__Exercise details__.
The required output is every record, written out exactly.

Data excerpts

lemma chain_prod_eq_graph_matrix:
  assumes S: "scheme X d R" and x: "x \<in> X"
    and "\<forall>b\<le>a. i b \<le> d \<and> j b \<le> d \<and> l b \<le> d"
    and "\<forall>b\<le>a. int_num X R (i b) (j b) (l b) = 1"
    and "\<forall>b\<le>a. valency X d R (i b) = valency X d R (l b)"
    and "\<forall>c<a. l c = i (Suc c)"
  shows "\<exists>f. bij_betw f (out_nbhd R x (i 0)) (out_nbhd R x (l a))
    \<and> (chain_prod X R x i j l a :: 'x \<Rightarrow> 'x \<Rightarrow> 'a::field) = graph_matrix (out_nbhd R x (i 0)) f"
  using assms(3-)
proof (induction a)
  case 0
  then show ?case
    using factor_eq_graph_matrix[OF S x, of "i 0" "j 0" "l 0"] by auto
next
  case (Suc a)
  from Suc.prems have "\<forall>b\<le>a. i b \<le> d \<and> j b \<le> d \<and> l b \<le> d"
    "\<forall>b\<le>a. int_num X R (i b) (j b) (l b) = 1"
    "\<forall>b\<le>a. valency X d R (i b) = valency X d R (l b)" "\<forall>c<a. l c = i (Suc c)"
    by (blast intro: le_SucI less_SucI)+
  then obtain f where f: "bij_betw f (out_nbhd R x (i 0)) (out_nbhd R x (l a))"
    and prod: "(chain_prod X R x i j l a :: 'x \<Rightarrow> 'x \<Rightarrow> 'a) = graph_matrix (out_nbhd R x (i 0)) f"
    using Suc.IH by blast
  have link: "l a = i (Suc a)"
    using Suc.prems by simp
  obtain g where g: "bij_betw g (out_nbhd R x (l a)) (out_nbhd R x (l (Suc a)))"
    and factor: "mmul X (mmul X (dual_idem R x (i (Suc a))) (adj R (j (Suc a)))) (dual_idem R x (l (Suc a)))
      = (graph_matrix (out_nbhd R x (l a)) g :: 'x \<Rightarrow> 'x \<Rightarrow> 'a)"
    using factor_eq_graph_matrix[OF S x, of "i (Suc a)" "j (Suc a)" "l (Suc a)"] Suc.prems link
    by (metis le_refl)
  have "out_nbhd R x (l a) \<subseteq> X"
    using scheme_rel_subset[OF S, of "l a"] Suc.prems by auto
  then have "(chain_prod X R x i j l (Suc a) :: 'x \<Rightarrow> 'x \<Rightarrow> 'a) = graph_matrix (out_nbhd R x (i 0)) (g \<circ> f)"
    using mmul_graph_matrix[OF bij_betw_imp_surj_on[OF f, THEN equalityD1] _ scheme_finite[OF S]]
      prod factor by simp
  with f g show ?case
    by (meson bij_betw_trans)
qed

__Response__.
lemma chain_prod_eq_graph_matrix:
  assumes S: "scheme X d R" and x: "x \<in> X"
    and "\<forall>b\<le>a. i b \<le> d \<and> j b \<le> d \<and> l b \<le> d"
    and "\<forall>b\<le>a. int_num X R (i b) (j b) (l b) = 1"
    and "\<forall>b\<le>a. valency X d R (i b) = valency X d R (l b)"
    and "\<forall>c<a. l c = i (Suc c)"
  shows "\<exists>f. bij_betw f (out_nbhd R x (i 0)) (out_nbhd R x (l a))
    \<and> (chain_prod X R x i j l a :: 'x \<Rightarrow> 'x \<Rightarrow> 'a::field) = graph_matrix (out_nbhd R x (i 0)) f"
  using assms(3-)
proof (induction a)
  case 0
  then show ?case
    using factor_eq_graph_matrix[OF S x, of "i 0" "j 0" "l 0"] by auto
next
  case (Suc a)
  from Suc.prems have "\<forall>b\<le>a. i b \<le> d \<and> j b \<le> d \<and> l b \<le> d"
    "\<forall>b\<le>a. int_num X R (i b) (j b) (l b) = 1"
    "\<forall>b\<le>a. valency X d R (i b) = valency X d R (l b)" "\<forall>c<a. l c = i (Suc c)"
    by (blast intro: le_SucI less_SucI)+
  then obtain f where f: "bij_betw f (out_nbhd R x (i 0)) (out_nbhd R x (l a))"
    and prod: "(chain_prod X R x i j l a :: 'x \<Rightarrow> 'x \<Rightarrow> 'a) = graph_matrix (out_nbhd R x (i 0)) f"
    using Suc.IH by blast
  have link: "l a = i (Suc a)"
    using Suc.prems by simp
  obtain g where g: "bij_betw g (out_nbhd R x (l a)) (out_nbhd R x (l (Suc a)))"
    and factor: "mmul X (mmul X (dual_idem R x (i (Suc a))) (adj R (j (Suc a)))) (dual_idem R x (l (Suc a)))
      = (graph_matrix (out_nbhd R x (l a)) g :: 'x \<Rightarrow> 'x \<Rightarrow> 'a)"
    using factor_eq_graph_matrix[OF S x, of "i (Suc a)" "j (Suc a)" "l (Suc a)"] Suc.prems link
    by (metis le_refl)
  have "out_nbhd R x (l a) \<subseteq> X"
    using scheme_rel_subset[OF S, of "l a"] Suc.prems by auto
  then have "(chain_prod X R x i j l (Suc a) :: 'x \<Rightarrow> 'x \<Rightarrow> 'a) = graph_matrix (out_nbhd R x (i 0)) (g \<circ> f)"
    using mmul_graph_matrix[OF bij_betw_imp_surj_on[OF f, THEN equalityD1] _ scheme_finite[OF S]]
      prod factor by simp
  with f g show ?case
    by (meson bij_betw_trans)
qed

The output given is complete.